Critical cert. A developer's laptop used to sign HP distros in 2010 was breached, a malware inserted itself into the signing process, got signed, then mailed itself back home Krebs. The malware wasn't used on HP, instead it was discovered 4 years later by Symantec. Meanwhile the certificate expired, but the cert holder still plans to revoke the certificate, and is expecting support issues as the revoked certificate blocks various and many packages. The base plan is to re-sign, but this does not apply to recovery partitions which can reset software back to factory config. Consequences: No direct damages reported. Indirectly, it could cause chaos if packages actually take the revocation seriously.

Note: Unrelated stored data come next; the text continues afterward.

(* Let $p\in[1,\infty)$ and let $\zeta:\mathbb{R}\to[0,\infty)$ be continuous and decreasing such that $\int_0^\infty\zeta(t)^pt^{n-1}dt<\infty$. If $u_k,u\in\mathrm{Conv}_{\mathrm{coe}}(\mathbb{R}^n)$ are such that $u_k$ epi-converges to $u$, then $\delta_{\zeta,p}(u_k,u)\to 0$ as $k\to\infty$.
   Context: $\mathrm{Conv}_{\mathrm{coe}}(\mathbb{R}^n)$ is the set of proper, lower semicontinuous, convex, coercive functions $u:\mathbb{R}^n\to\mathbb{R}\cup\{+\infty\}$. $\delta_{\zeta,p}(u,v)=\left(\int_{\mathbb{R}^n}|\zeta(u(x))-\zeta(v(x))|^p dx\right)^{1/p}$, with convention $\zeta(+\infty):=\lim_{t\to\infty}\zeta(t)=0$. Epi-convergence $u_k\to u$: for every $x$, $\liminf_k u_k(x_k)\ge u(x)$ for all $x_k\to x$ and $\limsup_k u_k(x_k)\le u(x)$ for some $x_k\to x$. *)

theory Defs
  imports "HOL-Analysis.Analysis" "HOL-Library.Extended_Real"
begin

text \<open>Functions on R^n with values in R \<union> {+\<infinity>} are modelled as 'a \<Rightarrow> ereal,
  where 'a is a Euclidean space (R^n with n = DIM('a)).\<close>

definition proper_fun :: "('a \<Rightarrow> ereal) \<Rightarrow> bool" where
  "proper_fun u \<longleftrightarrow> (\<forall>x. u x \<noteq> -\<infinity>) \<and> (\<exists>x. u x \<noteq> \<infinity>)"
(* For any $k \ge 2$, \[ O(k, 2k-2) = \frac{C_{k-1} + C_{(k-2)/2}}{2}, \] where $C_n = \frac{1}{n+1}\binom{2n}{n}$ for integers $n\ge 0$ and $C_n = 0$ if $n$ is not an integer. Moreover, $O(k, 2k-3) = 2E(k, 2k-2)$.
   Context: For a binary word $w = w_1\cdots w_n$, let $A = \{i : w_i = 0\}$, $|A|=a$; $G(w)$ is the permutation of $[n]$ whose first $a$ entries are the elements of $A$ in increasing order followed by the elements of $[n]\setminus A$ in increasing order. $w$ is called odd (resp. even) if $G(w)$ has an odd (resp. even) number of inversions. For $k\ge1$, $m\ge0$, $\mathcal{B}(k,m)$ is the set of binary words of length $m$ that avoid (do not contain as a not-necessarily-contiguous subsequence) every word $0^j1^{k-j}$, $j\in\{0,\dots,k\}$; $O(k,m)$ and $E(k,m)$ are the numbers of odd and even words in $\mathcal{B}(k,m)$ respectively. *)

theory Defs
  imports Complex_Main "HOL-Library.Sublist"
begin

text \<open>Binary words are lists over nat with letters in {0,1}; positions are 1-based.\<close>

definition binword :: "nat list \<Rightarrow> bool" where
  "binword w \<longleftrightarrow> set w \<subseteq> {0, 1}"

definition G :: "nat list \<Rightarrow> nat list" where
  "G w = filter (\<lambda>i. w ! (i - 1) = 0) [1..<length w + 1]
       @ filter (\<lambda>i. w ! (i - 1) \<noteq> 0) [1..<length w + 1]"

definition inversions :: "nat list \<Rightarrow> nat" where
  "inversions p = card {(i, j). i < j \<and> j < length p \<and> p ! i > p ! j}"

definition odd_word :: "nat list \<Rightarrow> bool" where
  "odd_word w \<longleftrightarrow> odd (inversions (G w))"

definition even_word :: "nat list \<Rightarrow> bool" where
  "even_word w \<longleftrightarrow> even (inversions (G w))"

definition B :: "nat \<Rightarrow> nat \<Rightarrow> nat list set" where
  "B k m = {w. length w = m \<and> binword w \<and>
              (\<forall>j\<in>{0..k}. \<not> subseq (replicate j 0 @ replicate (k - j) 1) w)}"

definition Ocount :: "nat \<Rightarrow> nat \<Rightarrow> nat" where
  "Ocount k m = card {w \<in> B k m. odd_word w}"

definition Ecount :: "nat \<Rightarrow> nat \<Rightarrow> nat" where
  "Ecount k m = card {w \<in> B k m. even_word w}"

definition Cat :: "real \<Rightarrow> real" where
  "Cat x = (if x \<in> \<nat> then (let n = nat \<lfloor>x\<rfloor> in real ((2 * n) choose n) / real (n + 1)) else 0)"

end

theory Submission
  imports Defs
begin

text \<open>Read 1 as an up-step and 0 as a down-step. A word avoids every 0^j 1^(k-j) iff
  zeros(u) + ones(v) < k for every factorisation w = uv. For k = n + 1 and length 2n this says
  exactly that w is a Dyck path of semilength n; for length 2n - 1 it says that w is a Dyck path
  with its last down-step or its first up-step deleted. The inversions of G(w) are the pairs
  of a 1 followed by a 0, so the first-return decomposition w = 1u0v gives a recursion for the
  signed count S_n of Dyck paths, solved by S_n = 0 for even n > 0 and S_(2m+1) = -C_m.
  Deleting the first or last step changes the sign by (-1)^n, and the odd and even counts are
  recovered from their sum C_n and their signed difference.\<close>

definition zeros :: "nat list \<Rightarrow> nat" where
  "zeros w = length (filter (\<lambda>x. x = 0) w)"

definition ones :: "nat list \<Rightarrow> nat" where
  "ones w = length (filter (\<lambda>x. x \<noteq> 0) w)"

lemma zeros_simps [simp]:
  "zeros [] = 0"
  "zeros (x # xs) = (if x = 0 then Suc (zeros xs) else zeros xs)"
  "zeros (xs @ ys) = zeros xs + zeros ys"
  by (auto simp: zeros_def)

lemma ones_simps [simp]:
  "ones [] = 0"
  "ones (x # xs) = (if x = 0 then ones xs else Suc (ones xs))"
  "ones (xs @ ys) = ones xs + ones ys"
  by (auto simp: ones_def)

lemma zeros_add_ones: "zeros w + ones w = length w"
  by (induction w) auto

lemma binword_Nil [simp]: "binword []"
  by (simp add: binword_def)

lemma binword_Cons [simp]: "binword (x # xs) \<longleftrightarrow> (x = 0 \<or> x = 1) \<and> binword xs"
  by (auto simp: binword_def)

lemma binword_append [simp]: "binword (xs @ ys) \<longleftrightarrow> binword xs \<and> binword ys"
  by (auto simp: binword_def)

lemma subseq_replicate_0_iff: "subseq (replicate j (0::nat)) u \<longleftrightarrow> j \<le> zeros u"
proof
  assume "subseq (replicate j (0::nat)) u"
  then have "subseq (filter (\<lambda>x. x = 0) (replicate j (0::nat))) (filter (\<lambda>x. x = 0) u)"
    by (rule subseq_filter)
  then show "j \<le> zeros u"
    unfolding zeros_def by (auto dest: list_emb_length)
next
  assume "j \<le> zeros u"
  then have "subseq (replicate j (0::nat)) (replicate (zeros u) 0)"
    by (metis le_add_diff_inverse prefix_imp_subseq prefixI replicate_add)
  also have "replicate (zeros u) 0 = filter (\<lambda>x. x = 0) u"
    unfolding zeros_def by (rule replicate_length_same) auto
  finally show "subseq (replicate j 0) u"
    using subseq_filter_left subseq_order.order_trans by blast
qed

lemma subseq_replicate_1_iff:
  assumes "binword u"
  shows "subseq (replicate j (1::nat)) u \<longleftrightarrow> j \<le> ones u"
proof
  assume "subseq (replicate j (1::nat)) u"
  then have "subseq (filter (\<lambda>x. x \<noteq> 0) (replicate j (1::nat))) (filter (\<lambda>x. x \<noteq> 0) u)"
    by (rule subseq_filter)
  then show "j \<le> ones u"
    unfolding ones_def by (auto dest: list_emb_length)
next
  assume "j \<le> ones u"
  then have "subseq (replicate j (1::nat)) (replicate (ones u) 1)"
    by (metis le_add_diff_inverse prefix_imp_subseq prefixI replicate_add)
  also have "replicate (ones u) 1 = filter (\<lambda>x. x \<noteq> 0) u"
    using assms unfolding ones_def binword_def by (intro replicate_length_same) auto
  finally show "subseq (replicate j 1) u"
    using subseq_filter_left subseq_order.order_trans by blast
qed

lemma B_iff_splits:
  "w \<in> B k m \<longleftrightarrow> length w = m \<and> binword w \<and> (\<forall>u v. w = u @ v \<longrightarrow> zeros u + ones v < k)"
proof -
  have "(\<exists>j\<in>{0..k}. subseq (replicate j 0 @ replicate (k - j) 1) w) \<longleftrightarrow>
        (\<exists>u v. w = u @ v \<and> k \<le> zeros u + ones v)" if bw: "binword w"
  proof
    assume "\<exists>j\<in>{0..k}. subseq (replicate j 0 @ replicate (k - j) 1) w"
    then obtain j u v where "w = u @ v"
      "subseq (replicate j 0) u" "subseq (replicate (k - j) 1) v"
      using list_emb_appendD by blast
    moreover have "binword v" using bw \<open>w = u @ v\<close> by simp
    ultimately have "j \<le> zeros u" "k - j \<le> ones v"
      by (simp_all only: subseq_replicate_0_iff subseq_replicate_1_iff)
    then show "\<exists>u v. w = u @ v \<and> k \<le> zeros u + ones v"
      using \<open>w = u @ v\<close> by (intro exI[of _ u] exI[of _ v]) simp
  next
    assume "\<exists>u v. w = u @ v \<and> k \<le> zeros u + ones v"
    then obtain u v where uv: "w = u @ v" "k \<le> zeros u + ones v" by blast
    define j where "j = min k (zeros u)"
    have "binword v" using bw uv by simp
    then have "subseq (replicate j 0) u" "subseq (replicate (k - j) 1) v"
      using uv(2) by (simp_all only: subseq_replicate_0_iff subseq_replicate_1_iff) (auto simp: j_def)
    then have "subseq (replicate j 0 @ replicate (k - j) 1) (u @ v)"
      by (rule list_emb_append_mono)
    then show "\<exists>j\<in>{0..k}. subseq (replicate j 0 @ replicate (k - j) 1) w"
      using uv(1) by (auto simp: j_def)
  qed
  then show ?thesis
    unfolding B_def mem_Collect_eq by (metis not_le)
qed

fun walk :: "nat \<Rightarrow> nat list \<Rightarrow> nat option" where
  "walk h [] = Some h"
| "walk h (x # xs) =
     (if x = 0 then (if h = 0 then None else walk (h - 1) xs) else walk (Suc h) xs)"

lemma walk_append:
  "walk h (xs @ ys) = (case walk h xs of None \<Rightarrow> None | Some h' \<Rightarrow> walk h' ys)"
  by (induction xs arbitrary: h) auto

lemma all_splits_Cons_iff:
  "(\<forall>u v. x # xs = u @ v \<longrightarrow> P u) \<longleftrightarrow> P [] \<and> (\<forall>u v. xs = u @ v \<longrightarrow> P (x # u))"
  by (auto simp: Cons_eq_append_conv)

lemma walk_eq_Some_iff:
  "walk h w = Some h' \<longleftrightarrow>
     (\<forall>u v. w = u @ v \<longrightarrow> zeros u \<le> h + ones u) \<and> h' + zeros w = h + ones w"
proof (induction w arbitrary: h)
  case (Cons x xs)
  show ?case
  proof (cases "x = 0")
    case True
    show ?thesis
    proof (cases h)
      case 0
      have "\<not> (\<forall>u v. xs = u @ v \<longrightarrow> zeros (0 # u) \<le> h + ones (0 # u))"
      proof
        assume "\<forall>u v. xs = u @ v \<longrightarrow> zeros (0 # u) \<le> h + ones (0 # u)"
        then have "zeros [0] \<le> h + ones [0]" by (metis append_Nil zeros_simps(1) ones_simps(1))
        then show False using 0 by simp
      qed
      then show ?thesis using True 0 by (simp only: all_splits_Cons_iff) simp
    next
      case (Suc h1)
      then show ?thesis using True Cons[of h1] by (simp only: all_splits_Cons_iff) auto
    qed
  next
    case False
    then show ?thesis using Cons[of "Suc h"] by (simp only: all_splits_Cons_iff) auto
  qed
qed auto

lemma walk_add: "walk h w = Some h' \<Longrightarrow> walk (h + d) w = Some (h' + d)"
proof (induction w arbitrary: h)
  case (Cons x w)
  show ?case
  proof (cases "x = 0")
    case True
    then have "0 < h" "walk (h - 1) w = Some h'" using Cons.prems by (auto split: if_splits)
    then show ?thesis using True Cons.IH[of "h - 1"] by (simp add: Suc_diff_le)
  next
    case False
    then show ?thesis using Cons.prems Cons.IH[of "Suc h"] by simp
  qed
qed simp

Playstation. The ECDSA private key for signing PlayStation games was hacked due to not using random numbers in the DSA signatures over games (Wikipedia). Consequences. In theory, the crack means that homebrew developers can sign their own games and bypass the control monopoly over games distribution, with consequent lowering of revenues to Sony and insider game developers. Beyond that?
2010 Regin. GCHQ attacked Belgacom with spearphishing QuantumInsert to insert Regin malware (TheIntercept, f-secure). Malware was signed but the certs were just pretending to be Microsoft code-signing certs. Presumably people would be tricked into thinking these were real certs and Microsoft protection was just buggy. Regin was fingered to be part of 5eyes hacktool kit qwerty. Consequences. Internal systems were breached, customer private communications was grabbed. "Belgacom invested several million dollars in its efforts to clean-up its systems and beef-up its security after the attack. However, [some] believe parts of the GCHQ malware were never fully removed."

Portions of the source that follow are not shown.